Volume 109 : June 2024 Issue

Magnesio-ferri-hornblende, □Ca₂(Mg₄Fe³⁺)[(Si₇Al)O₂₂] (OH)₂, a new member of the amphibole supergroup

https://doi.org/10.2138/am-2023-8922

Zhang et al. report a magnesio-ferri-hornblende (IMA 2021-100), a new member of the amphibole supergroup. This new mineral, found in felsic magmas, is ubiquitous in fertilized magmas related to porphyry ore system, but rare in barren intrusions. Felsic magmas with porphyry ore-potential are characterized by predominant magnesio-ferri-hornblende and subordinate magnesio-hastingsite crystallized under lower P-T and high fO2 conditions, while amphiboles in barren intrusions are dominantly characterized by magnesio-hastingsite and hastingsite crystallized in high P-T and low fO2 environments. The discovery of magnesio-ferri-hornblende has important significance for magma fertility discrimination and can potentially be used in regional exploration for porphyry-skarn ore system.

A multivariate statistical approach for mineral geographic provenance determination using laser-induced breakdown spectroscopy and electron microprobe chemical data: A case study of copper-bearing tourmalines

https://doi.org/10.2138/am-2023-9164

Dutrow et al. summarize the use of two complementary techniques for determining mineral provenance; LIBS = a qualitative technique, and EMP = a quantitative technique.
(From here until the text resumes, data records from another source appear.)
lemma poly_lip_semi_seq_value:
  assumes \<phi>: "poly_lip (n + n) (mult_halves n \<phi>) C m" and k: "k \<le> n + n"
  shows "\<exists>C m. poly_lip k (semi_seq_value n \<phi> s k) C m"
proof -
  have G: "\<exists>C' m'. poly_lip j (gauss_iter 1 (mult_halves n \<phi>) (n + n - j)) C' m'" if "j \<le> n + n" for j
  proof -
    have "poly_lip (j + (n + n - j)) (mult_halves n \<phi>) C m"
      using \<phi> that by simp
    from poly_lip_gauss_iter[OF this] show ?thesis
      by blast
  qed
  show ?thesis
  proof (cases "n \<le> k")
    case False
    obtain C' m' where "poly_lip (0 + k + (n - k)) (gauss_iter 1 (mult_halves n \<phi>) n) C' m'"
      using G[of n] False by auto
    from poly_lip_fix_coords[OF this, of "[]" "replicate (n - k) s"] False show ?thesis
      by (auto simp: semi_seq_value_def)
  qed (use G k in \<open>auto simp: semi_seq_value_def\<close>)
qed

lemma sE_semi_seq_indep_products:
  assumes ss: "sublinear_space M P H" and sig: "0 \<le> sl" "sl \<le> su"
    and inH: "\<And>i. i < n \<Longrightarrow> V i \<in> H \<and> e i \<in> H"
    and V: "\<And>i. i < n \<Longrightarrow> maximal_dist P (V i) sl su"
    and e: "\<And>i. i < n \<Longrightarrow> std_normal_dist P (e i)"
    and \<phi>: "poly_lip n \<phi> C m" and cc: "convex_or_concave b n \<phi>"
    and ind: "seq_indep P (map V [0..<n] @ map e [0..<n])"
  shows "sE P (\<lambda>\<omega>. \<phi> (map (\<lambda>i. V i \<omega> * e i \<omega>) [0..<n])) = classical_E n \<phi> (extreme_scale b sl su)"
proof -
  let ?s = "extreme_scale b sl su" and ?Zs = "map V [0..<n] @ map e [0..<n]"
  let ?F = "semi_seq_value n \<phi> ?s"
  obtain CB mB where B: "poly_lip (n + n) (mult_halves n \<phi>) CB mB"
    using poly_lip_mult_halves[OF \<phi>] .
  have "sE P (\<lambda>\<omega>. ?F (length ?Zs) (vals ?Zs \<omega>)) = ?F 0 []"
  proof (rule sE_seq_indep_backward[OF ss _ ind])
    show "set ?Zs \<subseteq> H"
      using inH by auto
    show "\<exists>C m. poly_lip k (?F k) C m" if "k \<le> length ?Zs" for k
      using poly_lip_semi_seq_value[OF B] that by simp
    fix k and c :: "real list"
    assume k: "k < length ?Zs" and c: "length c = k"
    show "sE P (\<lambda>\<omega>. ?F (Suc k) (c @ [(?Zs ! k) \<omega>])) = ?F k c"
    proof (cases "n \<le> k")
      case True
      obtain C' m' where "poly_lip (Suc k) (?F (Suc k)) C' m'"
        using poly_lip_semi_seq_value[OF B, of "Suc k"] k by fastforce
      moreover have "n + n - k = Suc (n + n - Suc k)"
        using k by simp
      ultimately show ?thesis
        using sE_std_normal_last[OF e[of "k - n"] _ c, of _ _ _ 1] True k
        by (simp add: semi_seq_value_def nth_append)
    next
      case False
      with sE_maximal_scale_step[OF V[of k] B cc sig, of k c] c
      show ?thesis
        by (cases "Suc k = n") (auto simp: semi_seq_value_def nth_append)
    qed
  qed
  moreover have "?F (length ?Zs) (vals ?Zs \<omega>) = \<phi> (map (\<lambda>i. V i \<omega> * e i \<omega>) [0..<n])" for \<omega>
    by (auto simp: semi_seq_value_def mult_halves_def vals_def nth_append intro!: arg_cong[where f=\<phi>])
  moreover have "?F 0 [] = classical_E n \<phi> ?s"
    using gauss_iter_mult_halves_replicate[of "[]" n n \<phi> ?s] classical_E_eq_gauss_iter[OF \<phi>]
    by (simp add: semi_seq_value_def mult_halves_def)
  ultimately show ?thesis
    by simp
qed
lemma TB_inj_on_YB: "inj_on (TB A) (YB B nrm)"
proof (rule inj_onI)
  fix x x' assume x: "x \<in> YB B nrm" and x': "x' \<in> YB B nrm" and eq: "TB A x = TB A x'"
  obtain K where K: "\<And>s (m::int). s \<in> B \<Longrightarrow> \<bar>s m\<bar> \<le> K * nB s"
    using seq_pointwise_bound by blast
  define M where "M = K * nB (\<lambda>n. nrm n (x n)) + K * nB (\<lambda>n. nrm n (x' n))"
  have "nrm n (x n) \<le> M" "nrm n (x' n) \<le> M" for n
  proof -
    have "\<bar>nrm n (x n)\<bar> \<le> K * nB (\<lambda>n. nrm n (x n))" "\<bar>nrm n (x' n)\<bar> \<le> K * nB (\<lambda>n. nrm n (x' n))"
      using K[where m = n] x x' unfolding YB_def by blast+
    then show "nrm n (x n) \<le> M" "nrm n (x' n) \<le> M" unfolding M_def by linarith+
  qed
  then show "x = x'" by (rule TB_bounded_inj[OF eq])
qed

lemma YB_subset_TB_image:
  assumes y: "y \<in> YB B nrm"
  shows "\<exists>x\<in>YB B nrm. TB A x = y"
proof -
  let ?t = "\<lambda>n. nrm n (y n)"
  have t: "?t \<in> B" using y by (simp add: YB_def)
  have inverse_mu: "0 < inverse mu" "inverse mu < 1"
    using mu_gt_1 by (auto simp: inverse_less_1_iff)
  obtain s where s: "s \<in> B" "\<And>n. (\<lambda>j. D * lam ^ j * ?t (n + - int j)) sums s n"
    using weighted_shift_series_mem[OF t, of "\<lambda>j. D * lam ^ j" "\<lambda>j. - int j"]
      D_pos lam_pos lam_less_1 by (auto intro: summable_mult summable_geometric)
  obtain r where r: "r \<in> B" "\<And>n. (\<lambda>j. D * inverse mu ^ Suc j * ?t (n + int (Suc j))) sums r n"
    using weighted_shift_series_mem[OF t, of "\<lambda>j. D * inverse mu ^ Suc j" "\<lambda>j. int (Suc j)"]
      D_pos inverse_mu by (auto intro: summable_mult simp: summable_Suc_iff summable_geometric)
  have "(\<lambda>j. D * lam ^ j * nrm (n - int j) (y (n - int j))) sums s n" for n
    using s(2)[of n] by simp
  then obtain x where x: "TB A x = y" "\<And>n. nrm n (x n) \<le> s n + r n"
    using r(2) by (rule green_solution) blast
  have "(\<lambda>n. nrm n (x n)) \<in> B"
    using seq_add_mem[OF s(1) r(1)] equiv_norm_nonneg[OF equiv_norm] x(2) by (rule seq_dominated_mem)
  with x(1) show ?thesis unfolding YB_def by blast
qed

end

end

theorem theorem3p3:
  fixes B :: "(int \<Rightarrow> real) set" and nB :: "(int \<Rightarrow> real) \<Rightarrow> real"
    and nrm :: "int \<Rightarrow> 'a::banach \<Rightarrow> real"
    and A :: "int \<Rightarrow> 'a \<Rightarrow> 'a"
  assumes "banach_seq_space B nB" and "admissible B nB"
    and "\<forall>m. equiv_norm (nrm m)"
    and "\<forall>m. bounded_linear (A m)"
    and "exp_dichotomy A nrm"
  shows "bij_betw (TB A) (domTB B nrm A) (YB B nrm)"
proof -
  have seq_space: "admissible_seq_space B nB"
    using assms(1,2) by (rule admissible_seq_space.intro)
  obtain P D lam mu where "dichotomy A P nrm D lam mu"
    using exp_dichotomyE assms(3-5) by blast
  then interpret dichotomy A P nrm D lam mu .
  have "inj_on (TB A) (domTB B nrm A)"
    using TB_inj_on_YB[OF seq_space] by (rule inj_on_subset) (auto simp: domTB_def)
  moreover have "TB A ` domTB B nrm A = YB B nrm"
    using YB_subset_TB_image[OF seq_space] by (fastforce simp: domTB_def)
  ultimately show ?thesis by (simp add: bij_betw_def)
qed

end
lemma poly_val_euler:
  assumes c: "poly_coeffs (length xs) c" and hom: "weighted_homogeneous wt W c"
  shows "(\<Sum>i<length xs. of_int (wt i) * xs ! i * poly_val (pderiv_coeffs i c) xs) = of_int W * poly_val c xs"
proof -
  have "(\<Sum>i<length xs. of_int (wt i) * xs ! i * poly_val (pderiv_coeffs i c) xs)
      = (\<Sum>\<alpha> | c \<alpha> \<noteq> 0. c \<alpha> * (\<Sum>i<length xs. of_int (wt i) * (of_nat (\<alpha> ! i) * (xs ! i * monomial_val xs (\<alpha>[i := \<alpha> ! i - 1])))))"
    using c by (simp add: poly_val_pderiv_coeffs sum_distrib_left sum_distrib_right mult_ac sum.swap[of _ "{..<length xs}"])
  also have "\<dots> = (\<Sum>\<alpha> | c \<alpha> \<noteq> 0. c \<alpha> * monomial_val xs \<alpha> * of_int (weight wt \<alpha>))"
  proof (intro sum.cong refl)
    fix \<alpha> assume "\<alpha> \<in> {\<alpha>. c \<alpha> \<noteq> 0}"
    then have len: "length \<alpha> = length xs" using poly_coeffsD(2)[OF c] by auto
    have "(\<Sum>i<length xs. of_int (wt i) * (of_nat (\<alpha> ! i) * (xs ! i * monomial_val xs (\<alpha>[i := \<alpha> ! i - 1]))))
        = (\<Sum>i<length xs. of_int (wt i) * (of_nat (\<alpha> ! i) * monomial_val xs \<alpha>))"
    proof (intro sum.cong refl)
      fix i assume "i \<in> {..<length xs}"
      then show "of_int (wt i) * (of_nat (\<alpha> ! i) * (xs ! i * monomial_val xs (\<alpha>[i := \<alpha> ! i - 1])))
          = of_int (wt i) * (of_nat (\<alpha> ! i) * monomial_val xs \<alpha>)"
        using monomial_val_lower[of i xs \<alpha>] len by simp
    qed
    then show "c \<alpha> * (\<Sum>i<length xs. of_int (wt i) * (of_nat (\<alpha> ! i) * (xs ! i * monomial_val xs (\<alpha>[i := \<alpha> ! i - 1]))))
        = c \<alpha> * monomial_val xs \<alpha> * of_int (weight wt \<alpha>)"
      using len by (simp add: weight_def sum_distrib_left sum_distrib_right mult_ac)
  qed
  also have "\<dots> = of_int W * poly_val c xs"
    using hom by (simp add: poly_val_def weighted_homogeneous_def sum_distrib_left mult_ac)
  finally show ?thesis .
qed

lemma weight_increment:
  assumes i: "i < length \<alpha>"
  shows "weight wt (\<alpha>[i := Suc (\<alpha> ! i)]) = weight wt \<alpha> + wt i"
proof -
  have rest: "(\<Sum>j\<in>{..<length \<alpha>} - {i}. wt j * int (\<alpha>[i := Suc (\<alpha> ! i)] ! j))
      = (\<Sum>j\<in>{..<length \<alpha>} - {i}. wt j * int (\<alpha> ! j))"
    by (intro sum.cong) auto
  show ?thesis
    unfolding weight_def length_list_update
    using i by (simp add: sum.remove[of _ i] rest algebra_simps)
qed

lemma weighted_homogeneous_pderiv_coeffs:
  assumes c: "poly_coeffs n c" and hom: "weighted_homogeneous wt W c" and i: "i < n"
  shows "weighted_homogeneous wt (W - wt i) (pderiv_coeffs i c)"
  unfolding weighted_homogeneous_def
proof (intro allI impI)
  fix \<alpha> assume "pderiv_coeffs i c \<alpha> \<noteq> 0"
  with pderiv_coeffs_support[OF c] have "c (\<alpha>[i := Suc (\<alpha> ! i)]) \<noteq> 0" "length \<alpha> = n"
    by auto
  with hom i weight_increment[of i \<alpha> wt] show "weight wt \<alpha> = W - wt i"
    by (simp add: weighted_homogeneous_def)
qed

lemma sum_list_pderiv_support:
  assumes "poly_coeffs n c" "i < n" "pderiv_coeffs i c \<alpha> \<noteq> 0"
  shows "sum_list (\<alpha>[i := Suc (\<alpha> ! i)]) = Suc (sum_list \<alpha>)"
  using assms pderiv_coeffs_support[OF assms(1)] by (simp add: sum_list_update)

lemma pderiv_coeffs_eq_0_imp_constant:
  assumes c: "poly_coeffs n c" and D: "\<And>i. i < n \<Longrightarrow> pderiv_coeffs i c = (\<lambda>_. 0)"
    and "c \<alpha> \<noteq> 0"
  shows "\<alpha> = replicate n 0"
proof (rule ccontr)
  have len: "length \<alpha> = n" using poly_coeffsD(2)[OF c assms(3)] .
  assume "\<alpha> \<noteq> replicate n 0"
  then have "\<exists>i<n. \<alpha> ! i \<noteq> 0"
    using len by (auto intro: nth_equalityI)
  then obtain i k where i: "i < n" and k: "\<alpha> ! i = Suc k"
    using not0_implies_Suc by blast
  have "\<alpha>[i := Suc k] = \<alpha>"
    by (metis k list_update_id)
  then have "pderiv_coeffs i c (\<alpha>[i := k]) = of_nat (Suc k) * c \<alpha>"
    using i len by (simp add: pderiv_coeffs_def)
  then show False using D[OF i] assms(3) by (simp del: of_nat_Suc)
qed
Data from both techniques were subjected to multivariate statistical analyses to highlight correlations among elements that uniquely identified the geographic locality of copper-bearing tourmalines. These tourmalines have highly similar compositions and environment of formation, yet are geographically separated. Using a combination of PCA and PLSR multivariate statistics on compositional data, the four geographical localities of Paraiba tourmaline could be separated with about 95% success. This study is the first to demonstrate the use of multivariate statistical analyses of EMP data for determining the provenance of tourmaline supergroup minerals with remarkably similar compositions. Specifying the provenance of minerals has widespread applications to geoscience problems. While this study focuses on a specific mineral species, it demonstrates that the approach is wide applicably to other mineral groups.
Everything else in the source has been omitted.